C’è chi nasce con un cognome importante e lo usa da scudo, e chi sceglie di guadagnarsi ogni metro con il sudore. Gianluca Savoldi, figlio del bomber leggendario Beppe Savoldi, è cresciuto all’Atalanta – voluto proprio da Mino Favini – ma ha scelto di farsi strada nel calcio con il proprio nome: sacrifici, scelte controcorrente e una passione incrollabile. Orgogliosamente bergamasco e profondamente atalantino, dopo aver portato il Renate Primavera a traguardi storici si è preso una pausa. Si racconta in esclusiva, in un lunga e piacevole intervista, a TuttoAtalanta.com.

Gianluca, è vero che fu proprio Mino Favini a volerti fortemente all’Atalanta?
«Io sono un figlio di Zingonia e anche un figlio di Favini, che sì, mi volle fortemente a Zingonia.
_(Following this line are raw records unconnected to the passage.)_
(* Consider the perturbed federated algorithm described in the context, with $\beta\in(0,1)$, run for $T\ge1$ rounds with constant step size $\gamma=[2L\sqrt{TE}]^{-1}$. Assume that the bounded variance, bounded stochastic gradient norm, $L$-smoothness and lower-bounded objective assumptions of the context hold. Let $\widehat{\mathbf{w}}_T$ be drawn uniformly at random from $\{\overline{\mathbf{w}}_{t,k}:0\le t\le T-1,\,0\le k\le E-1\}$. Then $$\mathbb{E}\|\nabla F(\widehat{\mathbf{w}}_T)\|^2\le\frac1{\sqrt T}\Big[\frac{4L\Delta}{\sqrt E}+\frac{S\sigma^2}{2\sqrt E}\Big]+\frac{EG^2}{T}\Big[4+(1-\beta)^2+8\Big(1-\frac1\beta\Big)^2\Big],$$ where $\Delta=F(\overline{\mathbf{w}}_{0,0})-f_{\inf}$ and $S=\sum_ip_i^2$.
   Context: Setting: there are $C$ clients with local objectives $F_i:\mathbb{R}^D\to\mathbb{R}$. Similarity weights $p_{in}\ge0$ are symmetric, satisfy $p_{ii}=0$, and $\sum_{i,n}p_{in}=1$. Let $p_i=\sum_np_{in}>0$. The global objective is $F=\sum_ip_iF_i$. Algorithm, with parameter $\beta$, $E\ge1$ local steps and step sizes $\gamma_t$, all clients participating: - $\mathbf{u}^i_0=\overline{\mathbf{w}}_{0,0}$. - In round $t$, each client sets $\mathbf{w}^i_{t,0}=\overline{\mathbf{w}}_{t,0}$. For $k=0,\dots,E-1$ it forms $\widetilde{\mathbf{w}}^i_{t,k}=\beta\mathbf{w}^i_{t,k}+(1-\beta)\mathbf{u}^i_t$ and updates $\mathbf{w}^i_{t,k+1}=\mathbf{w}^i_{t,k}-\gamma_tg_i(\widetilde{\mathbf{w}}^i_{t,k})$, with stochastic gradients $g_i$ of $F_i$ sampled independently across clients and steps given the past. - $\overline{\mathbf{w}}_{t,k}=\sum_ip_i\mathbf{w}^i_{t,k}$ and $\overline{\mathbf{w}}_{t+1,0}=\overline{\mathbf{w}}_{t,E}$. - For $t\ge1$, $\mathbf{u}^i_t=\frac1{p_i}\sum_np_{in}\mathbf{w}^n_{t-1,E}$. $\mathbb{E}$ denotes total expectation. Assumptions: - Bounded variance: $\mathbb{E}\,g_i(\widetilde{\mathbf{w}}^i_{t,k})=\nabla F_i(\widetilde{\mathbf{w}}^i_{t,k})$ and $\mathbb{E}\|g_i(\widetilde{\mathbf{w}}^i_{t,k})-\nabla F_i(\widetilde{\mathbf{w}}^i_{t,k})\|^2\le\sigma^2$. - Bounded stochastic gradient norm: $\mathbb{E}\|g_i(\widetilde{\mathbf{w}}^i_{t,k})\|^2\le G^2$. - $L$-smoothness: each $\nabla F_i$ is $L$-Lipschitz. - Lower-bounded objective: $F\ge f_{\inf}$. *)

theory Defs
  imports "HOL-Probability.Probability"
begin

text \<open>Clients are indexed by 0..C-1. p i n are the similarity weights,
  pw p C i = p_i = sum_n p_in.\<close>

definition pw :: "(nat \<Rightarrow> nat \<Rightarrow> real) \<Rightarrow> nat \<Rightarrow> nat \<Rightarrow> real" where
  "pw p C i = (\<Sum>n<C. p i n)"

text \<open>Anchor u^i_t for t >= 1, computed from the previous round's final client
  iterates Wprev n = w^n_{t-1,E}.\<close>

definition anchor_of :: "nat \<Rightarrow> (nat \<Rightarrow> nat \<Rightarrow> real) \<Rightarrow> (nat \<Rightarrow> 'v::real_vector) \<Rightarrow> nat \<Rightarrow> 'v" where
  "anchor_of C p Wprev i = (1 / pw p C i) *\<^sub>R (\<Sum>n<C. p i n *\<^sub>R Wprev n)"

text \<open>The stochastic gradient at step (t,k) is G i x (xi i t k), where xi i t k is the
  realised random sample of client i at round t, local step k.\<close>

fun local_iter :: "real \<Rightarrow> real \<Rightarrow> (nat \<Rightarrow> 'v::real_vector \<Rightarrow> 'x \<Rightarrow> 'v) \<Rightarrow>
    (nat \<Rightarrow> nat \<Rightarrow> nat \<Rightarrow> 'x) \<Rightarrow> nat \<Rightarrow> nat \<Rightarrow> 'v \<Rightarrow> 'v \<Rightarrow> nat \<Rightarrow> 'v" where
  "local_iter \<beta> \<gamma> G xi i t u w0 0 = w0"
| "local_iter \<beta> \<gamma> G xi i t u w0 (Suc k) =
     (let w = local_iter \<beta> \<gamma> G xi i t u w0 k
      in w - \<gamma> *\<^sub>R G i (\<beta> *\<^sub>R w + (1 - \<beta>) *\<^sub>R u) (xi i t k))"

primrec client_iter :: "nat \<Rightarrow> (nat \<Rightarrow> nat \<Rightarrow> real) \<Rightarrow> real \<Rightarrow> real \<Rightarrow> nat \<Rightarrow>
    (nat \<Rightarrow> 'v::real_vector \<Rightarrow> 'x \<Rightarrow> 'v) \<Rightarrow> 'v \<Rightarrow> (nat \<Rightarrow> nat \<Rightarrow> nat \<Rightarrow> 'x) \<Rightarrow>
    nat \<Rightarrow> nat \<Rightarrow> nat \<Rightarrow> 'v" where
  "client_iter C p \<beta> \<gamma> E G w0 xi 0 = (\<lambda>i k. local_iter \<beta> \<gamma> G xi i 0 w0 w0 k)"
| "client_iter C p \<beta> \<gamma> E G w0 xi (Suc t) =
     (let Wp = client_iter C p \<beta> \<gamma> E G w0 xi t;
          wb = (\<Sum>n<C. pw p C n *\<^sub>R Wp n E)
      in (\<lambda>i k. local_iter \<beta> \<gamma> G xi i (Suc t) (anchor_of C p (\<lambda>n. Wp n E) i) wb k))"

definition anchor :: "nat \<Rightarrow> (nat \<Rightarrow> nat \<Rightarrow> real) \<Rightarrow> real \<Rightarrow> real \<Rightarrow> nat \<Rightarrow>
    (nat \<Rightarrow> 'v::real_vector \<Rightarrow> 'x \<Rightarrow> 'v) \<Rightarrow> 'v \<Rightarrow> (nat \<Rightarrow> nat \<Rightarrow> nat \<Rightarrow> 'x) \<Rightarrow>
    nat \<Rightarrow> nat \<Rightarrow> 'v" where
  "anchor C p \<beta> \<gamma> E G w0 xi t i =
     (if t = 0 then w0
      else anchor_of C p (\<lambda>n. client_iter C p \<beta> \<gamma> E G w0 xi (t - 1) n E) i)"

definition pert_iter :: "nat \<Rightarrow> (nat \<Rightarrow> nat \<Rightarrow> real) \<Rightarrow> real \<Rightarrow> real \<Rightarrow> nat \<Rightarrow>
    (nat \<Rightarrow> 'v::real_vector \<Rightarrow> 'x \<Rightarrow> 'v) \<Rightarrow> 'v \<Rightarrow> (nat \<Rightarrow> nat \<Rightarrow> nat \<Rightarrow> 'x) \<Rightarrow>
    nat \<Rightarrow> nat \<Rightarrow> nat \<Rightarrow> 'v" where
  "pert_iter C p \<beta> \<gamma> E G w0 xi t i k =
     \<beta> *\<^sub>R client_iter C p \<beta> \<gamma> E G w0 xi t i k + (1 - \<beta>) *\<^sub>R anchor C p \<beta> \<gamma> E G w0 xi t i"

definition avg_iter :: "nat \<Rightarrow> (nat \<Rightarrow> nat \<Rightarrow> real) \<Rightarrow> real \<Rightarrow> real \<Rightarrow> nat \<Rightarrow>
    (nat \<Rightarrow> 'v::real_vector \<Rightarrow> 'x \<Rightarrow> 'v) \<Rightarrow> 'v \<Rightarrow> (nat \<Rightarrow> nat \<Rightarrow> nat \<Rightarrow> 'x) \<Rightarrow>
    nat \<Rightarrow> nat \<Rightarrow> 'v" where
  "avg_iter C p \<beta> \<gamma> E G w0 xi t k =
     (\<Sum>i<C. pw p C i *\<^sub>R client_iter C p \<beta> \<gamma> E G w0 xi t i k)"

end

theory Submission
  imports Defs
begin

text \<open>At every local step the averaged iterate moves along the \<open>p\<^sub>i\<close>-weighted mean of the
  clients' stochastic gradients, evaluated at their perturbed points. By the descent lemma for
  the \<open>L\<close>-smooth \<open>F\<close>, and since each stochastic gradient is unbiased given the past, one step
  lowers the expected loss by \<open>\<gamma>/2\<close> times the expected squared gradient norm at the average, up
  to two errors. The variance of the mean stochastic gradient is at most \<open>S \<sigma>\<^sup>2\<close>, because the
  noises of different clients are orthogonal in \<open>L\<^sup>2\<close>. The dispersion of the perturbed points
  around the average enters through smoothness; it is bounded by the local drifts
  \<open>\<gamma> \<Sum>\<^sub>s g\<^sub>i\<close> of the current round and, through the anchors, of the previous round, each of
  second moment at most \<open>\<gamma>\<^sup>2 E\<^sup>2 G\<^sup>2\<close>. Telescoping over all \<open>T E\<close> steps, using the lower bound
  \<open>f\<^sub>i\<^sub>n\<^sub>f\<close> and inserting the step size gives the claim.\<close>

section \<open>Elementary inequalities\<close>

lemma norm_add_sq_le:
  fixes a b :: "'v::real_normed_vector"
  shows "(norm (a + b))\<^sup>2 \<le> 2 * (norm a)\<^sup>2 + 2 * (norm b)\<^sup>2"
proof -
  have "(norm (a + b))\<^sup>2 \<le> (norm a + norm b)\<^sup>2"
    by (intro power_mono norm_triangle_ineq) auto
  also have "\<dots> \<le> 2 * (norm a)\<^sup>2 + 2 * (norm b)\<^sup>2"
    using sum_squares_bound[of "norm a" "norm b"] by (simp add: power2_sum)
  finally show ?thesis .
qed

lemma norm_diff_sq_le:
  fixes a b :: "'v::real_normed_vector"
  shows "(norm (a - b))\<^sup>2 \<le> 2 * (norm a)\<^sup>2 + 2 * (norm b)\<^sup>2"
  using norm_add_sq_le[of a "- b"] by simp
definition representatives :: "'v form set set \<Rightarrow> bool" where
  "representatives I \<longleftrightarrow> (\<forall>\<Gamma>\<in>I. MCS \<Gamma>) \<and>
     (\<forall>\<Delta>. MCS \<Delta> \<longrightarrow> (\<exists>!\<Gamma>. \<Gamma> \<in> I \<and> same_conds \<Delta> \<Gamma>))"

definition likely_set :: "'v form \<Rightarrow> 'v form set \<Rightarrow> 'v form set" where
  "likely_set \<phi> \<Gamma> = {\<psi>. FCond \<phi> \<psi> \<in> \<Gamma>}"

definition can_cell :: "'v form set \<Rightarrow> 'v cstate set" where
  "can_cell \<Gamma> = {(\<Delta>, \<phi>, i). MCS \<Delta> \<and> same_conds \<Delta> \<Gamma> \<and> classical \<phi> \<and> i \<in> {0,1,2}}"

definition can_pref :: "'v form set \<Rightarrow> 'v cstate \<Rightarrow> 'v cstate \<Rightarrow> bool" where
  "can_pref \<Gamma> x y = (case x of (\<Delta>, \<phi>, i) \<Rightarrow> case y of (\<Omega>, \<psi>, j) \<Rightarrow>
     (likely_set \<phi> \<Gamma> \<subseteq> \<Delta> \<and> \<phi> \<in> \<Omega>) \<or> (i = 1 \<and> j = 0) \<or> (i = 2 \<and> j = 1) \<or> (i = 0 \<and> j = 2))"

definition can_S :: "'v form set set \<Rightarrow> 'v cstate set" where
  "can_S I = (\<Union>\<Gamma>\<in>I. can_cell \<Gamma>)"

definition can_V :: "'v form set set \<Rightarrow> 'v \<Rightarrow> 'v cstate set" where
  "can_V I p = {s \<in> can_S I. FVar p \<in> fst s}"

definition can_R :: "'v form set set \<Rightarrow> 'v cstate \<Rightarrow> 'v cstate \<Rightarrow> bool" where
  "can_R I s t \<longleftrightarrow> s \<in> can_S I \<and> t \<in> can_S I \<and>
     (\<forall>\<alpha>. inLT \<alpha> \<longrightarrow> FBel \<alpha> \<in> fst s \<longrightarrow> \<alpha> \<in> fst t)"

definition can_sat :: "'v form set set \<Rightarrow> 'v cstate \<Rightarrow> 'v form \<Rightarrow> bool" where
  "can_sat I s \<alpha> = sat I can_cell can_pref (can_R I) (can_V I) s \<alpha>"

end

theory Submission
  imports Defs
begin

(* Membership in a maximal consistent set is a Boolean valuation, which settles the
   propositional cases.  For B the canonical relation is the standard one: if B \<alpha> is not in
   \<Delta>, then {\<beta>. B \<beta> \<in> \<Delta>} \<union> {\<not>\<alpha>} is consistent by K and necessitation, and a Lindenbaum
   extension of it is an accessible state refuting \<alpha>.

   Conditionals are evaluated inside the cell of an MCS \<Gamma>, i.e. among the MCSs with the same
   conditionals as \<Gamma>.  By rule S5F and the axiom (\<phi> \<leadsto> \<bottom>) \<rightarrow> \<not>\<phi>, the formula
   \<not>\<chi> \<leadsto> \<bottom> (here nec \<chi>) is an S5 necessity on the cell: it lies in \<Gamma> iff \<chi> lies in every
   MCS of the cell.  If \<phi> \<leadsto> \<psi> \<notin> \<Gamma>, RCK and this necessity yield a \<phi>-likely MCS \<Omega> of the
   cell containing \<not>\<psi>, and (\<Omega>, \<phi>, 0) is a most preferred \<phi>-state refuting \<psi>.  Conversely,
   the cyclic third component can always be outbid, so a most preferred \<phi>-state (\<Delta>, \<chi>, i)
   owes its maximality to the likelihood clause: \<Delta> is \<chi>-likely and \<chi> holds in every
   \<phi>-member of the cell.  Hence nec (\<phi> \<leftrightarrow> \<chi> \<and> \<phi>) \<in> \<Gamma>, and Ext with the shift axiom turns
   \<phi> \<leadsto> \<psi> into \<chi> \<leadsto> (\<phi> \<rightarrow> \<psi>) \<in> \<Gamma>, so \<psi> \<in> \<Delta>. *)

lemma classical_imp_inLT: "classical a \<Longrightarrow> inLT a"
  by (induction a) auto
lemma is_vnorm_path_sup_norm: "is_vnorm (path_sup_norm E A nrm L v)"
proof -
  have "0 \<le> path_sup_norm E A nrm L v x" for x
    using path_sup_norm_bounds(1)[where x = x and v = v] is_vnorm_nonneg[OF nrm, of x] by linarith
  moreover have "path_sup_norm E A nrm L v x = 0 \<longleftrightarrow> x = 0" for x
    using path_sup_norm_bounds(1)[where x = x and v = v] is_vnorm_nonneg[OF nrm, of x]
      is_vnorm_eq_0[OF nrm, of x] path_sup_norm_zero by fastforce
  ultimately show ?thesis
    unfolding is_vnorm_def using path_sup_norm_scaleR path_sup_norm_triangle by blast
qed

lemma multinorm_bound_path_sup_norm: "multinorm_bound E A (path_sup_norm E A nrm L) L"
  unfolding multinorm_bound_def
proof (intro allI ballI, clarify)
  let ?M = "path_sup_norm E A nrm L"
  fix x v w s assume e: "(v, w, s) \<in> E"
  show "?M w (A s *v x) \<le> L * ?M v x"
  proof (rule path_sup_norm_least)
    fix p assume "p \<in> paths_from E w"
    then have q: "(v, w, s) # p \<in> paths_from E v"
      using e by (auto simp: paths_from_def is_path_Cons)
    have prod: "path_prod A ((v, w, s) # p) *v x = path_prod A p *v (A s *v x)"
      by (simp add: path_prod_Cons label_def)
    show "nrm (path_prod A p *v (A s *v x)) / L ^ length p \<le> L * ?M v x"
    proof (cases "L = 0")
      case False
      then have "nrm (path_prod A p *v (A s *v x)) / L ^ length p
          = L * (nrm (path_prod A ((v, w, s) # p) *v x) / L ^ length ((v, w, s) # p))"
        by (simp add: prod)
      also have "\<dots> \<le> L * ?M v x"
        using path_sup_norm_upper[OF q] \<open>0 \<le> L\<close> by (rule mult_left_mono)
      finally show ?thesis .
    next
      case True
      have "nrm (A s *v x) \<le> 0"
        using path_bound[of "[(v, w, s)]" x] e True by (simp add: path_prod_Cons path_prod_Nil label_def)
      then show ?thesis
        using True is_vnorm_nonneg[OF nrm, of "A s *v x"] by (cases p) (simp_all add: path_prod_Nil)
    qed
  qed
qed

end
(* Let $G_1,\dots,G_n,H$ be non-trivial groups such that each $G_i$ is centreless and directly indecomposable, and such that $H$ has no direct factor isomorphic to any $G_i$. Let $G=G_1\times\cdots\times G_n$. Then the automorphisms of $G\times H$ are exactly the maps $(g,h)\mapsto(\alpha(g),\gamma(g)\delta(h))$ with $\alpha\in\operatorname{Aut}(G)$, $\delta\in\operatorname{Aut}(H)$ and $\gamma\in\operatorname{Hom}(G,Z(H))$. In particular, $1\times H$ is characteristic in $G\times H$.
   Context: A group $A$ is directly indecomposable if $A\cong B\times C$ implies $B=1$ or $C=1$. $H$ has a direct factor isomorphic to $A$ if $H\cong A\times N$ for some group $N$. *)

theory Defs
  imports "HOL-Algebra.Algebra"
begin

definition center :: "('a, 'b) monoid_scheme \<Rightarrow> 'a set" where
  "center G = {z \<in> carrier G. \<forall>g \<in> carrier G. z \<otimes>\<^bsub>G\<^esub> g = g \<otimes>\<^bsub>G\<^esub> z}"

definition centreless :: "('a, 'b) monoid_scheme \<Rightarrow> bool" where
  "centreless G \<longleftrightarrow> center G = {\<one>\<^bsub>G\<^esub>}"

definition nontrivial_group :: "('a, 'b) monoid_scheme \<Rightarrow> bool" where
  "nontrivial_group G \<longleftrightarrow> carrier G \<noteq> {\<one>\<^bsub>G\<^esub>}"

text \<open>A is directly indecomposable: A \<cong> B \<times> C implies B = 1 or C = 1.
  The factors B, C are taken with elements of the same type as A (every direct
  factor embeds into A, so this loses no generality).\<close>
definition directly_indecomposable :: "('a, 'b) monoid_scheme \<Rightarrow> bool" where
  "directly_indecomposable A \<longleftrightarrow>
     (\<forall>(B :: 'a monoid) (C :: 'a monoid). group B \<longrightarrow> group C \<longrightarrow> A \<cong> B \<times>\<times> C \<longrightarrow>
        carrier B = {\<one>\<^bsub>B\<^esub>} \<or> carrier C = {\<one>\<^bsub>C\<^esub>})"

text \<open>H has a direct factor isomorphic to A: H \<cong> A \<times> N for some group N
  (N taken with elements of the type of H's elements; N embeds into H).\<close>
definition has_direct_factor_iso :: "('b, 'c) monoid_scheme \<Rightarrow> ('a, 'd) monoid_scheme \<Rightarrow> bool" where
  "has_direct_factor_iso H A \<longleftrightarrow> (\<exists>N :: 'b monoid. group N \<and> H \<cong> A \<times>\<times> N)"

end

theory Submission
  imports Defs
begin

(* The heart of the matter is that every automorphism \<phi> of G \<times> H maps 1 \<times> H into itself.
   Project \<phi>(1 \<times> H) to a factor G_i. The images of \<phi>(G \<times> 1) and \<phi>(1 \<times> H) there are
   commuting subgroups that together make up G_i; since G_i is centreless they meet trivially,
   so G_i is their internal direct product, and indecomposability kills one of them. Were it
   the image of G \<times> 1, projecting would give a retraction of H onto G_i whose section
   centralizes its kernel, i.e. G_i would be a direct factor of H. Hence 1 \<times> H is invariant,
   so \<phi>(g, h) = \<phi>(g, 1) \<phi>(1, h) = (\<alpha> g, \<gamma> g \<delta> h), where \<delta> is the restriction of \<phi> to H,
   \<alpha> is the map induced on (G \<times> H)/(1 \<times> H) = G, and \<gamma> has central image because G \<times> 1
   and 1 \<times> H commute. *)

section \<open>Direct products\<close>

lemma DirProd_inl_hom: "monoid H \<Longrightarrow> (\<lambda>x. (x, \<one>\<^bsub>H\<^esub>)) \<in> hom G (G \<times>\<times> H)"
  by (auto intro: homI simp: monoid.one_closed)

lemma DirProd_inr_hom: "monoid G \<Longrightarrow> (\<lambda>y. (\<one>\<^bsub>G\<^esub>, y)) \<in> hom H (G \<times>\<times> H)"
  by (auto intro: homI simp: monoid.one_closed)

lemma DirProd_fst_hom: "monoid G \<Longrightarrow> monoid H \<Longrightarrow> fst \<in> hom (G \<times>\<times> H) G"
  by (auto intro: homI)

lemma DirProd_snd_hom: "monoid G \<Longrightarrow> monoid H \<Longrightarrow> snd \<in> hom (G \<times>\<times> H) H"
  by (auto intro: homI)

lemma DirProd_mult_inl_inr:
  assumes "monoid G" "monoid H" "x \<in> carrier G" "y \<in> carrier H"
  shows "(x, \<one>\<^bsub>H\<^esub>) \<otimes>\<^bsub>G \<times>\<times> H\<^esub> (\<one>\<^bsub>G\<^esub>, y) = (x, y)"
    and "(\<one>\<^bsub>G\<^esub>, y) \<otimes>\<^bsub>G \<times>\<times> H\<^esub> (x, \<one>\<^bsub>H\<^esub>) = (x, y)"
  using assms by (simp_all add: monoid.l_one monoid.r_one)

lemma product_group_proj_hom: "i \<in> I \<Longrightarrow> (\<lambda>x. x i) \<in> hom (product_group I G) (G i)"
  by (auto intro!: homI)

lemma product_group_single_hom:
  assumes "i \<in> I" "\<And>j. j \<in> I \<Longrightarrow> group (G j)"
  shows "(\<lambda>g. \<lambda>j\<in>I. if j = i then g else \<one>\<^bsub>G j\<^esub>) \<in> hom (G i) (product_group I G)"
  using assms by (auto intro!: homI simp: group.is_monoid monoid.one_closed)

lemma product_group_single_commute:
  assumes "i \<in> I" "\<And>j. j \<in> I \<Longrightarrow> group (G j)"
    and "g \<in> carrier (G i)" "x \<in> carrier (product_group I G)" "x i = \<one>\<^bsub>G i\<^esub>"
  shows "(\<lambda>j\<in>I. if j = i then g else \<one>\<^bsub>G j\<^esub>) \<otimes>\<^bsub>product_group I G\<^esub> x
       = x \<otimes>\<^bsub>product_group I G\<^esub> (\<lambda>j\<in>I. if j = i then g else \<one>\<^bsub>G j\<^esub>)"
  using assms by (auto simp: fun_eq_iff PiE_iff group.is_monoid monoid.l_one monoid.r_one)

section \<open>Internal direct decompositions\<close>

lemma commuting_subgroups_Int_center:
  fixes S (structure)
  assumes "group S" "subgroup A S" "subgroup B S" "A <#> B = carrier S"
    and comm: "\<And>a b. a \<in> A \<Longrightarrow> b \<in> B \<Longrightarrow> a \<otimes> b = b \<otimes> a"
  shows "A \<inter> B \<subseteq> center S"
proof
  interpret group S by fact
  fix x assume x: "x \<in> A \<inter> B"
  have xS: "x \<in> carrier S" using x subgroup.subset[OF \<open>subgroup A S\<close>] by blast
  have "x \<otimes> (a \<otimes> b) = (a \<otimes> b) \<otimes> x" if "a \<in> A" "b \<in> B" for a b
  proof -
    have ab: "a \<in> carrier S" "b \<in> carrier S"
      using that subgroup.subset assms(2,3) by blast+
    have "x \<otimes> (a \<otimes> b) = a \<otimes> (x \<otimes> b)"
      using comm[of a x] that x ab xS by (simp flip: m_assoc)
    also have "\<dots> = (a \<otimes> b) \<otimes> x"
      using comm[of x b] that x ab xS by (simp add: m_assoc)
    finally show ?thesis .
  qed
  moreover have "\<exists>a\<in>A. \<exists>b\<in>B. g = a \<otimes> b" if "g \<in> carrier S" for g
    using that \<open>A <#> B = carrier S\<close> unfolding set_mult_def by blast
  ultimately show "x \<in> center S"
    using xS unfolding center_def by blast
qed

lemma centreless_directly_indecomposable_commuting_subgroups:
  fixes S :: "'a monoid" (structure)
  assumes S: "group S" "centreless S" "directly_indecomposable S"
    and AB: "subgroup A S" "subgroup B S" "A <#> B = carrier S"
    and comm: "\<And>a b. a \<in> A \<Longrightarrow> b \<in> B \<Longrightarrow> a \<otimes> b = b \<otimes> a"
  shows "A = {\<one>} \<or> B = {\<one>}"
proof -
  interpret group_disjoint_sum S A B
    using S AB by (simp add: group_disjoint_sum_def)
  have "A \<inter> B = {\<one>}"
    using commuting_subgroups_Int_center[OF S(1) AB comm] S(2) AB
    unfolding centreless_def by (auto simp: subgroup.one_closed)
  then have "(\<lambda>(x, y). x \<otimes> y) \<in> iso (subgroup_generated S A \<times>\<times> subgroup_generated S B) S"
    using AB comm by (auto simp: iso_group_mul_alt)
  then have "S \<cong> subgroup_generated S A \<times>\<times> subgroup_generated S B"
    by (simp add: is_isoI DirProd_group group.iso_sym)
  moreover have "group (subgroup_generated S A)" "group (subgroup_generated S B)"
    using S(1) by (simp_all add: group.group_subgroup_generated)
  ultimately have "carrier (subgroup_generated S A) = {\<one>} \<or> carrier (subgroup_generated S B) = {\<one>}"
    using S(3) unfolding directly_indecomposable_def by fastforce
  then show ?thesis
    using AB by (simp add: subgroup.carrier_subgroup_generated_subgroup)
qed

lemma has_direct_factor_isoI:
  fixes H :: "'b monoid" (structure)
  assumes "group H" "group S" "\<rho> \<in> hom H S" "\<sigma> \<in> hom S H"
    and retract: "\<And>s. s \<in> carrier S \<Longrightarrow> \<rho> (\<sigma> s) = s"
    and comm: "\<And>s m. s \<in> carrier S \<Longrightarrow> m \<in> kernel H S \<rho> \<Longrightarrow> \<sigma> s \<otimes> m = m \<otimes> \<sigma> s"
  shows "has_direct_factor_iso H S"
proof -
  interpret H: group H by fact
  interpret S: group S by fact
  let ?A = "\<sigma> ` carrier S" and ?K = "kernel H S \<rho>"
  have "\<rho> \<circ> \<sigma> \<in> iso S S"
    using retract by (auto intro: S.iso_eq[OF id_iso])
  then have AK: "?A \<inter> ?K = {\<one>}" "?A <#> ?K = carrier H"
    using group_semidirect_sum_image_ker[OF assms(4,3)] assms(1,2) by simp_all
  interpret group_disjoint_sum H ?A ?K
    using assms by (simp add: group_disjoint_sum_def group_hom.img_is_subgroup group_hom.subgroup_kernel
        group_hom_def group_hom_axioms_def)
  have "(\<lambda>(x, y). x \<otimes> y) \<in> iso (subgroup_generated H ?A \<times>\<times> subgroup_generated H ?K) H"
    using AK comm by (auto simp: iso_group_mul_alt)
  then have "subgroup_generated H ?A \<times>\<times> subgroup_generated H ?K \<cong> H"
    by (rule is_isoI)
  moreover have "inj_on \<sigma> (carrier S)"
    using retract by (metis inj_onI)
  then have "\<sigma> \<in> iso S (subgroup_generated H ?A)"
    using iso_onto_image[OF assms(2,1)] assms(4) by blast
  then have "S \<cong> subgroup_generated H ?A"
    by (rule is_isoI)
  then have "S \<times>\<times> subgroup_generated H ?K \<cong> subgroup_generated H ?A \<times>\<times> subgroup_generated H ?K"
    by (simp add: S.DirProd_iso_trans iso_refl)
  ultimately have "S \<times>\<times> subgroup_generated H ?K \<cong> H"
    by (rule iso_trans[rotated])
  then have "H \<cong> S \<times>\<times> subgroup_generated H ?K"
    by (simp add: DirProd_group group.iso_sym)
  then show ?thesis
    unfolding has_direct_factor_iso_def using H.group_subgroup_generated by blast
qed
Era un mio grande estimatore, uno dei più grandi, e alla luce di ciò che ha fatto nella sua vita credo non ci siano dubbi che di calcio ne capisse. Questo mi lusinga molto: avere avuto la sua stima e la sua fiducia mi riempie d’orgoglio. Guardava l’uomo, sapeva valutare l’aspetto tecnico del ragazzo e intuirne il valore. Aveva grande fiuto e sapeva instaurare relazioni meravigliose con i ragazzi, cosa che oggi un po’ manca ad allenatori e responsabili dei settori giovanili. Oltre a scovare talenti, era un conoscitore di calcio e di metodologia come pochi. Una figura che oggi servirebbe tantissimo. Qualche suo allievo c’è e prosegue la sua strada, vedi Giancarlo Centi al Como».

C’è un insegnamento ereditato dal settore giovanile dell’Atalanta che porti sempre con te?
«Tantissimi, anche se a volte mi scontro con un po’ di superficialità. Non è facile trasmettere i valori che lui mi ha insegnato. Primo su tutti: l’attenzione per la testa dei giocatori. Devi entrare nella loro testa se vuoi insegnare anche solo come si stoppa un pallone. Un ragazzo sceglie la sua guida se la trova credibile, se si crea una relazione, se si sente capito. Bisogna andare in sintonia per tirare fuori il meglio. Poi mentalità del lavoro, senso del dovere, certezza che senza sacrifici non si raggiunge nulla. Non sono cose scontate. Qualcuno mi chiedeva perché pretendessi determinate cose in campo, dicendo che esageravo; alla fine mi è stato riconosciuto di aver portato professionalità. Dentro di me c’è un bergamasco orgoglioso delle sue radici: un figlio di Zingonia che incarna i valori della propria terra».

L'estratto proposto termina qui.